The STI, ( Stock Trend Index ) is a complex algorithm designed to find the possible reversal point of the Particular Stock. In other words STI Targets the Reversal point for the stocks. Finding reversal or overbought oversold region in the STI is not easy and not risk free too.
But it gives you a better indication for staying away from the stocks by generating the overbought and oversold signals.
The STI Signals are divided into 3 Parts
The Buying Range
STI Value < 10 ( Buy this stock )
STI Value < 5 ( Very safe to buy )
STI Value < 3 ( Extremely good opportunity to buy )
The Selling Range
STI Value > 90 ( Sell this stock )
STI Value > 95 ( Very safe to Sell )
STI Value > 97 ( Extremely good opportunity to Sell )

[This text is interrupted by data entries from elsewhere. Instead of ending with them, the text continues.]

(* Let $G=(V\cup W,E)$ be a complete bipartite graph with parts $V,W$, $|V|=|W|=n$. Let $C>4$ be a constant, $K=C\log n$, $I=n/K$ (assume $K$ divides $n$), and partition $V=V(0)\cup\dots\cup V(K-1)$ and $W=W(0)\cup\dots\cup W(K-1)$ into sets of size $I$ each. Let $d\in W$ and let the protocol $\mathcal{P}_B$ be defined by the following distributions for routing towards $d$: for $v\in V(i)$, $\mathcal{D}(v,\mathcal{F}_v,d)=\mathrm{Uniform}(\{d\})$ if $d\notin\mathcal{F}_v$ and $\mathcal{D}(v,\mathcal{F}_v,d)=\mathrm{Uniform}(W(i)\setminus\mathcal{F}_v)$ otherwise; for $w\in W(i)$ with $w\neq d$, $\mathcal{D}(w,\mathcal{F}_w,d)=\mathrm{Uniform}(V((i+1)\bmod K)\setminus\mathcal{F}_w)$. Suppose all-to-one routing towards $d$ is performed and the set of failed edges $\mathcal{F}$ satisfies, for every $0\le i<K$: (1) for all $w\in W$, $|\{v\in V(i)~|~w\in\mathcal{F}_v\}|\le I/3$, and (2) for all $v\in V$, $|\{w\in W(i)~|~v\in\mathcal{F}_w\}|\le I/3$. Then, with probability at least $1-3n^{-(C-1)}$, every node $u\in V\cup W$ with $u\neq d$ has $\mathcal{L}(u)=O(\log n\cdot\log\log n)$; this holds even if $\mathcal{F}$ is constructed with knowledge of $\mathcal{P}_B$ and $d$.
   Context: Local destination-based failover routing on a graph with node set $U$: given failed edges $\mathcal{F}$, $\mathcal{F}_v=\{w~|~(v,w)\in\mathcal{F}\}$. A protocol specifies, for each node $v$, destination $d$ and $\mathcal{F}_v$, a distribution $\mathcal{D}(v,\mathcal{F}_v,d)$ over the non-failed neighbors of $v$ (and $v$ itself). The failure set is fixed first (by an adversary knowing the protocol and $d$ but not the random choices); then each node $v$ independently draws its routing entry $\alpha(v)$ from $\mathcal{D}(v,\mathcal{F}_v,d)$ and forwards every packet with destination $d$ to $\alpha(v)$. All-to-one routing towards $d$: every node other than $d$ sends one flow towards $d$ along the forwarding entries. The load $\mathcal{L}(u)$ is the number of flows passing through $u$ (including its own); nodes on a forwarding cycle traversed by a flow have load $\infty$. $\mathrm{Uniform}(A)$ is the uniform distribution on the set $A$. *)

theory Defs
  imports "HOL-Probability.Probability" "HOL-Library.Extended_Nat"
begin

definition failed_nbrs :: "('n \<times> 'n) set \<Rightarrow> 'n \<Rightarrow> 'n set" where
  "failed_nbrs F v = {w. (v, w) \<in> F}"

text \<open>The protocol P_B: distribution of the routing entry of node u towards d.
  V, W are the two parts, lvl u is the index i of the block V(i) resp. W(i)
  containing u, K the number of blocks.\<close>
definition PB_dist :: "'n set \<Rightarrow> 'n set \<Rightarrow> ('n \<Rightarrow> nat) \<Rightarrow> nat \<Rightarrow> ('n \<times> 'n) set \<Rightarrow> 'n \<Rightarrow> 'n \<Rightarrow> 'n pmf" where
  "PB_dist V W lvl K F d u =
     (if u \<in> V then
        (if d \<notin> failed_nbrs F u then pmf_of_set {d}
         else pmf_of_set ({w \<in> W. lvl w = lvl u} - failed_nbrs F u))
      else pmf_of_set ({v \<in> V. lvl v = (lvl u + 1) mod K} - failed_nbrs F u))"

text \<open>Joint distribution of the routing entries: every node other than d draws
  independently; d keeps the packet (entry d).\<close>
definition PB_routing :: "'n set \<Rightarrow> 'n set \<Rightarrow> ('n \<Rightarrow> nat) \<Rightarrow> nat \<Rightarrow> ('n \<times> 'n) set \<Rightarrow> 'n \<Rightarrow> ('n \<Rightarrow> 'n) pmf" where
  "PB_routing V W lvl K F d = Pi_pmf ((V \<union> W) - {d}) d (PB_dist V W lvl K F d)"

definition flow_visits :: "('n \<Rightarrow> 'n) \<Rightarrow> 'n \<Rightarrow> 'n \<Rightarrow> 'n \<Rightarrow> bool" where
  "flow_visits \<alpha> d s x \<longleftrightarrow> (\<exists>k. (\<alpha> ^^ k) s = x \<and> (\<forall>j<k. (\<alpha> ^^ j) s \<noteq> d))"

text \<open>Load of node x in all-to-one routing towards d over node set U:
  infinite if x (\<noteq> d) lies on a forwarding cycle (such x is traversed at least
  by its own flow), otherwise the number of flows passing through x.\<close>
definition load :: "'n set \<Rightarrow> 'n \<Rightarrow> ('n \<Rightarrow> 'n) \<Rightarrow> 'n \<Rightarrow> enat" where
  "load U d \<alpha> x =
     (if x \<noteq> d \<and> (\<exists>k>0. (\<alpha> ^^ k) x = x) then \<infinity>
      else enat (card {s \<in> U - {d}. flow_visits \<alpha> d s x}))"

end

theory Submission
  imports Defs
begin

text \<open>Give the nodes of V(i) phase 2i and those of W(i) phase 2i + 1, modulo 2K: a packet that is
  not delivered to d advances by one phase per hop. It can leave V without reaching d only from a
  cut-off node, one whose edge to d failed, and a node of W forwards to a cut-off node with
  probability at most 1/2, since at most I/3 of its at least 2I/3 choices are cut off. Hence,
  except with probability n 2^-(K-1), every walk hits d within 2K - 1 hops; then there are no
  forwarding cycles, and the load of u is at most one plus the total size of its first 2K - 2
  layers of predecessors. A V-node has at most 3/2 predecessors in expectation and a W-node at
  most 1/2, so the layers form a subcritical branching process. An exponential moment bound,
  taken layer by layer using the independence of the entries of distinct phases, shows that their
  total size exceeds 1000 (C + 1) ln n with probability at most n^-C/2 for each node.\<close>

lemma prod_one_plus_le_exp_sum:
  fixes a :: "'a \<Rightarrow> real"
  assumes "\<And>x. x \<in> A \<Longrightarrow> 0 \<le> a x"
  shows "(\<Prod>x\<in>A. 1 + a x) \<le> exp (\<Sum>x\<in>A. a x)"
proof -
  have "(\<Prod>x\<in>A. 1 + a x) \<le> (\<Prod>x\<in>A. exp (a x))"
    using assms by (intro prod_mono) auto
  also have "\<dots> = exp (\<Sum>x\<in>A. a x)"
    by (cases "finite A") (simp_all add: exp_sum)
  finally show ?thesis .
qed

lemma measure_Pi_pmf_Pi_override_on:
  assumes "finite A" "X \<subseteq> A" "\<And>x. x \<in> X \<Longrightarrow> B x = UNIV"
  shows "measure_pmf.prob (Pi_pmf A dflt p) (Pi A (override_on B Y X)) =
         measure_pmf.prob (Pi_pmf A dflt p) (Pi A B) * (\<Prod>x\<in>X. measure_pmf.prob (p x) (Y x))"
proof -
  have split: "(\<Prod>x\<in>A. f x) = (\<Prod>x\<in>A - X. f x) * (\<Prod>x\<in>X. f x)" for f :: "_ \<Rightarrow> real"
    using prod.subset_diff[OF assms(2,1)] by simp
  have "(\<Prod>x\<in>X. measure_pmf.prob (p x) (B x)) = 1"
    using assms(3) by simp
  then show ?thesis
    using assms(1)
    by (simp add: measure_Pi_pmf_Pi split[of "\<lambda>x. measure_pmf.prob (p x) (override_on B Y X x)"]
        split[of "\<lambda>x. measure_pmf.prob (p x) (B x)"])
qed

STI Algorithm assumes that there will be a very sharp pullback in the Stock after it reaches to the above values.
For Advance Users :-
The above charts can be used by the advance users to make better trade. Few important points to be consider by the advance users are :-
1. Decide the trend of the stock,
a. Stock can be in up trend or down trend
b. for example at present RCOM is in down trend and GTL is in up trend
2. Once you decide the trend of a stock , please go with the direction of trend.
a. For example, if some stock is in up trend then don’t short it whenever sell signals are generated by STI charts.
b. If some stock is in down trend then don’t go long in that by STI Charts, short it on every overbought region
3. User should track the news related to that stock ( some time the news can be very harmful for the stock , Like in case of SATYAMCOMPUTER and RCOM who were involved in some scam and stock fall badly ) for such scripts don’t use the STI charts.